あるものはに2000年問題を危惧しつつ、またあるものは恐怖の大王が降ってこなかったことに落胆しつつ、千年に一度の大きなページがめくられるその時を待っていた。
そして浩平も、床に就いて仮眠だけは取っておこうと目を閉じながら、出所してからの身の振り方に思いを馳せるのだった。
手に職を得て、小さくてもいいから何か自分にできるビジネスを始める――。
それがこれからの目標になっていた。
徳三爺さんが言っていた通り、まだ自分は若い分、機会があるというのは本当だと思う。
ここに入れられたばかりの頃は前科者にされた不運を嘆いて、未来がすっかり閉ざされてしまったように感じて投げやりに過ごしていたが、そればかりでは本当に人生を無駄にしてしまうところだった。
むしろ不運をバネに新しい自分と出会う――。
刑務所に入れられたからこそ、そんな心境にたどり着けたように思った。
ひどく印象的だった今夜の徳さんの話にしても、ここに居なければけっして聞けなかったものなのだ。
そう考えると、まるで天の配剤ででもあったように思えて勇気が湧いてくるのだった。
それからもう一つ――。
娑婆――に戻ったら、時間の空いている時を使って、徳さんが見たという謎の美女についても調べてみたいとも思っていた。
手がかりとなるのは相手の男の子の着ていた制服の方。
チャカが言っていたように、私立中学の制服は特徴があるから、そこから学校名を割り出すことができるかもしれなかった。
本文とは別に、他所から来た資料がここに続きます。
lemma nn_integral_suminf_geometric_finite:
  fixes Z :: "nat \<Rightarrow> 'a \<Rightarrow> real"
  assumes integrable: "\<And>n. integrable M (Z n)" and nonneg: "\<And>n \<omega>. 0 \<le> Z n \<omega>"
    and bound: "\<And>n. (\<integral>\<omega>. Z n \<omega> \<partial>M) \<le> K * q ^ n" and "0 \<le> K" "0 \<le> q" "q < 1"
  shows "(\<integral>\<^sup>+\<omega>. (\<Sum>n. ennreal (Z n \<omega>)) \<partial>M) < \<infinity>"
proof -
  have "(\<integral>\<^sup>+\<omega>. (\<Sum>n. ennreal (Z n \<omega>)) \<partial>M) = (\<Sum>n. \<integral>\<^sup>+\<omega>. ennreal (Z n \<omega>) \<partial>M)"
    using integrable by (intro nn_integral_suminf) auto
  also have "\<dots> = (\<Sum>n. ennreal (\<integral>\<omega>. Z n \<omega> \<partial>M))"
    using integrable nonneg by (simp add: nn_integral_eq_integral)
  also have "\<dots> \<le> (\<Sum>n. ennreal (K * q ^ n))"
    using bound by (intro suminf_le ennreal_leI) auto
  also have "\<dots> = ennreal (\<Sum>n. K * q ^ n)"
    using assms(4-6) by (intro suminf_ennreal2) (auto intro!: summable_mult summable_geometric)
  also have "\<dots> < \<infinity>"
    by simp
  finally show ?thesis .
qed

lemma standard_feller_markovD:
  assumes "standard_feller_markov M F P X"
  shows "prob_space (P x)" "sets (P x) = sets M" "sets (F t) \<subseteq> sets M"
    and "0 \<le> t \<Longrightarrow> X t \<in> borel_measurable M"
    and "\<omega> \<in> space M \<Longrightarrow> 0 \<le> t \<Longrightarrow> ((\<lambda>s. X s \<omega>) \<longlongrightarrow> X t \<omega>) (at_right t)"
proof -
  show "0 \<le> t \<Longrightarrow> X t \<in> borel_measurable M"
    using assms by (intro measurable_from_subalg[of M "F t"])
      (auto simp: standard_feller_markov_def subalgebra_def)
qed (use assms in \<open>auto simp: standard_feller_markov_def\<close>)

lemma stopping_time_borel_measurable:
  assumes filtration: "\<And>t. sets (F t) \<subseteq> sets M" and "is_stopping_time M F \<tau>"
  shows "\<tau> \<in> borel_measurable M"
proof (rule borel_measurableI_le)
  fix y :: ereal
  have nonneg: "\<And>\<omega>. \<omega> \<in> space M \<Longrightarrow> 0 \<le> \<tau> \<omega>"
    and adapted: "\<And>t. 0 \<le> t \<Longrightarrow> {\<omega>\<in>space M. \<tau> \<omega> \<le> ereal t} \<in> sets (F t)"
    using assms(2) unfolding is_stopping_time_def by auto
  show "{\<omega>\<in>space M. \<tau> \<omega> \<le> y} \<in> sets M"
  proof (cases "0 \<le> y")
    case True
    then show ?thesis
      using adapted filtration by (cases y) auto
  next
    case False
    then have "{\<omega>\<in>space M. \<tau> \<omega> \<le> y} = {}"
      using nonneg order_trans by fastforce
    then show ?thesis by (metis sets.empty_sets)
  qed
qed

lemma standard_feller_markov_jointly_measurable:
  assumes "standard_feller_markov M F P X"
  shows "(\<lambda>z. X (max 0 (snd z)) (fst z)) \<in> borel_measurable (M \<Otimes>\<^sub>M lborel)"
  using standard_feller_markovD(4,5)[OF assms] by (rule measurable_right_continuous_process)

lemma standard_feller_markov_path_measurable:
  assumes "standard_feller_markov M F P X" and "\<omega> \<in> space M"
  shows "(\<lambda>s. X (max 0 s) \<omega>) \<in> borel_measurable lborel"
  using measurable_Pair2[OF standard_feller_markov_jointly_measurable[OF assms(1)] assms(2)] by simp

lemma exp_functional_eq_max0:
  "exp_functional X g t \<omega> = exp (LBINT s:{0..t}. g (X (max 0 s) \<omega>))"
  unfolding exp_functional_def by (intro arg_cong[where f=exp] set_lebesgue_integral_cong) auto

lemma exp_functional_measurable:
  assumes "standard_feller_markov M F P X" and g: "g \<in> borel_measurable borel"
    and [measurable]: "T \<in> borel_measurable M"
  shows "(\<lambda>\<omega>. exp_functional X g (T \<omega>) \<omega>) \<in> borel_measurable M"
proof -
  from measurable_compose[OF standard_feller_markov_jointly_measurable[OF assms(1)] g]
  have [measurable]: "(\<lambda>z. g (X (max 0 (snd z)) (fst z))) \<in> borel_measurable (M \<Otimes>\<^sub>M lborel)" .
  have "(\<lambda>z. (if 0 \<le> snd z \<and> snd z \<le> T (fst z) then 1 else 0) * g (X (max 0 (snd z)) (fst z)) :: real)
      \<in> borel_measurable (M \<Otimes>\<^sub>M lborel)"
    by measurable
  then have "(\<lambda>z. indicator {0..T (fst z)} (snd z) *\<^sub>R g (X (max 0 (snd z)) (fst z)) :: real)
      \<in> borel_measurable (M \<Otimes>\<^sub>M lborel)"
    by (simp add: indicator_def)
  then have "(\<lambda>\<omega>. LBINT s:{0..T \<omega>}. g (X (max 0 s) \<omega>)) \<in> borel_measurable M"
    unfolding set_lebesgue_integral_def
    by (intro lborel.borel_measurable_lebesgue_integral) (simp add: split_beta')
  then show ?thesis
    unfolding exp_functional_eq_max0 by measurable
qed

lemma exp_functional_le_exp:
  assumes "standard_feller_markov M F P X" and [measurable]: "g \<in> borel_measurable borel"
    and bound: "\<And>y. \<bar>g y\<bar> \<le> G" and "0 \<le> t" and "\<omega> \<in> space M"
  shows "exp_functional X g t \<omega> \<le> exp (G * t)"
proof -
  have [measurable]: "(\<lambda>s. X (max 0 s) \<omega>) \<in> borel_measurable lborel"
    using standard_feller_markov_path_measurable assms(1,5) .
  have "(LBINT s:{0..t}. g (X (max 0 s) \<omega>)) \<le> G * t"
    using set_integral_le_bound_times_measure[of "\<lambda>s. g (X (max 0 s) \<omega>)" lborel G "{0..t}"]
      bound \<open>0 \<le> t\<close> by (simp add: emeasure_lborel_Icc_eq)
  then show ?thesis
    unfolding exp_functional_eq_max0 by simp
qed

lemma exp_functional_le_floor:
  assumes "standard_feller_markov M F P X" and [measurable]: "g \<in> borel_measurable borel"
    and bound: "\<And>y. \<bar>g y\<bar> \<le> G" and "0 \<le> t" and "\<omega> \<in> space M"
  shows "exp_functional X g t \<omega> \<le> exp G * exp_functional X g (real (nat \<lfloor>t\<rfloor>)) \<omega>"
proof -
  have [measurable]: "(\<lambda>s. X (max 0 s) \<omega>) \<in> borel_measurable lborel"
    using standard_feller_markov_path_measurable assms(1,5) .
  have "(LBINT s:{0..t}. g (X (max 0 s) \<omega>))
      \<le> (LBINT s:{0..real (nat \<lfloor>t\<rfloor>)}. g (X (max 0 s) \<omega>)) + G * (t - real (nat \<lfloor>t\<rfloor>))"
    using \<open>0 \<le> t\<close> bound by (intro set_integral_Icc_le_extend) auto
  also have "G * (t - real (nat \<lfloor>t\<rfloor>)) \<le> G"
    using \<open>0 \<le> t\<close> bound[of undefined] by (intro mult_left_le) linarith+
  finally show ?thesis
    unfolding exp_functional_eq_max0 by (simp add: exp_add[symmetric])
qed

lemma exp_functional_le_suminf:
  assumes "standard_feller_markov M F P X" and "g \<in> borel_measurable borel"
    and "\<And>y. \<bar>g y\<bar> \<le> G" and "0 \<le> t" and "\<omega> \<in> space M"
  shows "ennreal (exp_functional X g t \<omega>) \<le> (\<Sum>n. ennreal (exp G * exp_functional X g (real n) \<omega>))"
proof -
  have "ennreal (exp_functional X g t \<omega>) \<le> ennreal (exp G * exp_functional X g (real (nat \<lfloor>t\<rfloor>)) \<omega>)"
    using exp_functional_le_floor[OF assms] by (rule ennreal_leI)
  also have "\<dots> \<le> (\<Sum>n. ennreal (exp G * exp_functional X g (real n) \<omega>))"
    using sum_le_suminf[OF summableI, of "{nat \<lfloor>t\<rfloor>}"] by simp
  finally show ?thesis .
qed

lemma integrable_exp_functional:
  assumes "standard_feller_markov M F P X" and "g \<in> borel_measurable borel"
    and "\<And>y. \<bar>g y\<bar> \<le> G" and "0 \<le> t"
  shows "integrable (P x) (exp_functional X g t)"
proof (rule finite_measure.integrable_const_bound[where B="exp (G * t)"])
  show "finite_measure (P x)"
    using standard_feller_markovD(1)[OF assms(1)] by (rule prob_space.finite_measure)
  show "exp_functional X g t \<in> borel_measurable (P x)"
    using exp_functional_measurable[OF assms(1,2), of "\<lambda>_. t"]
    by (simp add: measurable_cong_sets[OF standard_feller_markovD(2)[OF assms(1)] refl])
  show "AE \<omega> in P x. norm (exp_functional X g t \<omega>) \<le> exp (G * t)"
    using exp_functional_le_exp[OF assms] sets_eq_imp_space_eq[OF standard_feller_markovD(2)[OF assms(1)]]
    by (intro AE_I2) (simp add: exp_functional_def)
qed

lemma expectation_exp_functional_le_exp:
  assumes "standard_feller_markov M F P X" and "g \<in> borel_measurable borel"
    and "\<And>y. \<bar>g y\<bar> \<le> G" and "0 \<le> t"
  shows "(\<integral>\<omega>. exp_functional X g t \<omega> \<partial>P x) \<le> exp (G * t)"
  using exp_functional_le_exp[OF assms] sets_eq_imp_space_eq[OF standard_feller_markovD(2)[OF assms(1)]]
  by (intro prob_space.integral_le_const[OF standard_feller_markovD(1)[OF assms(1)]
        integrable_exp_functional[OF assms]] AE_I2) auto

lemma exp_functional_dominated:
  assumes sfm: "standard_feller_markov M F P X" and g: "g \<in> borel_measurable borel"
    and G: "\<And>y. \<bar>g y\<bar> \<le> G" and rate: "exp_rate P X g < 0"
  obtains h where "h \<in> borel_measurable (P x)" "(\<integral>\<^sup>+\<omega>. h \<omega> \<partial>P x) < \<infinity>"
    and "\<And>t \<omega>. 0 \<le> t \<Longrightarrow> \<omega> \<in> space M \<Longrightarrow> ennreal (exp_functional X g t \<omega>) \<le> h \<omega>"
proof
  have "0 \<le> G"
    using G[of x] by linarith
  have nonneg: "0 \<le> (\<integral>\<omega>. exp_functional X g t \<omega> \<partial>P y)" for t y
    by (simp add: exp_functional_def)
  obtain K q where "0 \<le> K" "0 < q" "q < 1"
    and decay: "\<And>y n. (\<integral>\<omega>. exp_functional X g (real n) \<omega> \<partial>P y) \<le> K * q ^ n"
    using geometric_bound_of_negative_growth_rate[where m="\<lambda>y t. \<integral>\<omega>. exp_functional X g t \<omega> \<partial>P y",
        OF nonneg expectation_exp_functional_le_exp[OF sfm g G] \<open>0 \<le> G\<close> rate[unfolded exp_rate_def]]
    by blast
  define h where "h \<omega> = (\<Sum>n. ennreal (exp G * exp_functional X g (real n) \<omega>))" for \<omega>
  show "h \<in> borel_measurable (P x)"
    using exp_functional_measurable[OF sfm g, of "\<lambda>_. real _"]
    unfolding h_def by (simp add: measurable_cong_sets[OF standard_feller_markovD(2)[OF sfm] refl])
  show "(\<integral>\<^sup>+\<omega>. h \<omega> \<partial>P x) < \<infinity>"
    unfolding h_def
  proof (rule nn_integral_suminf_geometric_finite[where K="exp G * K" and q=q])
    show "integrable (P x) (\<lambda>\<omega>. exp G * exp_functional X g (real n) \<omega>)" for n
      using integrable_exp_functional[OF sfm g G, of "real n"] by simp
    show "(\<integral>\<omega>. exp G * exp_functional X g (real n) \<omega> \<partial>P x) \<le> exp G * K * q ^ n" for n
      using decay[of x n] by (simp add: mult.assoc)
  qed (use \<open>0 \<le> K\<close> \<open>0 < q\<close> \<open>q < 1\<close> in \<open>auto simp: exp_functional_def\<close>)
  show "ennreal (exp_functional X g t \<omega>) \<le> h \<omega>" if "0 \<le> t" "\<omega> \<in> space M" for t \<omega>
    unfolding h_def by (rule exp_functional_le_suminf[OF sfm g G that])
qed

theorem propositionA2:
  fixes M :: "'w measure" and F :: "real \<Rightarrow> 'w measure"
    and P :: "'e::{metric_space,second_countable_topology} \<Rightarrow> 'w measure"
    and X :: "real \<Rightarrow> 'w \<Rightarrow> 'e" and g :: "'e \<Rightarrow> real" and x :: 'e
  assumes "standard_feller_markov M F P X"
    and "g \<in> Cb"
    and "exp_rate P X g < 0"
  shows "uniformly_integrable (P x)
           {\<tau>. is_stopping_time M F \<tau> \<and> (AE \<omega> in P x. \<tau> \<omega> < \<infinity>)}
           (\<lambda>\<tau> \<omega>. exp_functional X g (real_of_ereal (\<tau> \<omega>)) \<omega>)"
proof -
  note sfm = assms(1) and sets_P = standard_feller_markovD(2)[OF assms(1)]
  have g: "g \<in> borel_measurable borel" and "bounded (range g)"
    using assms(2) by (auto simp: Cb_def intro: borel_measurable_continuous_onI)
  then obtain G where G: "\<And>y. \<bar>g y\<bar> \<le> G"
    by (auto simp: bounded_iff)
  obtain h where h: "h \<in> borel_measurable (P x)" "(\<integral>\<^sup>+\<omega>. h \<omega> \<partial>P x) < \<infinity>"
    and dominated: "\<And>t \<omega>. 0 \<le> t \<Longrightarrow> \<omega> \<in> space M \<Longrightarrow> ennreal (exp_functional X g t \<omega>) \<le> h \<omega>"
    using exp_functional_dominated[OF sfm g G assms(3)] by blast
  show ?thesis
  proof (rule uniformly_integrable_dominated[OF _ h])
    fix \<tau> assume "\<tau> \<in> {\<tau>. is_stopping_time M F \<tau> \<and> (AE \<omega> in P x. \<tau> \<omega> < \<infinity>)}"
    then have stopping_time: "is_stopping_time M F \<tau>"
      by simp
    have [measurable]: "\<tau> \<in> borel_measurable M"
      using standard_feller_markovD(3)[OF sfm] stopping_time by (rule stopping_time_borel_measurable)
    show "(\<lambda>\<omega>. exp_functional X g (real_of_ereal (\<tau> \<omega>)) \<omega>) \<in> borel_measurable (P x)"
      using exp_functional_measurable[OF sfm g, of "\<lambda>\<omega>. real_of_ereal (\<tau> \<omega>)"]
      by (simp add: measurable_cong_sets[OF sets_P refl])
    show "ennreal \<bar>exp_functional X g (real_of_ereal (\<tau> \<omega>)) \<omega>\<bar> \<le> h \<omega>" if "\<omega> \<in> space (P x)" for \<omega>
      using dominated[OF real_of_ereal_pos] stopping_time that
      by (simp add: exp_functional_def sets_eq_imp_space_eq[OF sets_P] is_stopping_time_def)
  qed
qed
それに、二十年前に金髪の女教師を抱えていた学校はそんなに多くはなかったはずだから、そちらからも網をかければ、案外、簡単にたどり着けるかもしれない。
実在するのならば――。
ただ、実在しようとしまいと、それはもはやそれほど大きな問題などではないのかもしれなかった。
彼女たちの存在があたかも人生における灯台のようで、そちらに向かって舵を切って行けば、きっと目的の地にたどり着けそうな、そんな気がしているからだ。
まずは早速、明日から下調べを始めるとしようか。
ビジネスをスタートするとしたら、学んでおかなければならない事が山のようにあった。
なんか面白いことになってきたぞ――。
浩平は布団の中で一人、ほくそ笑むのだった。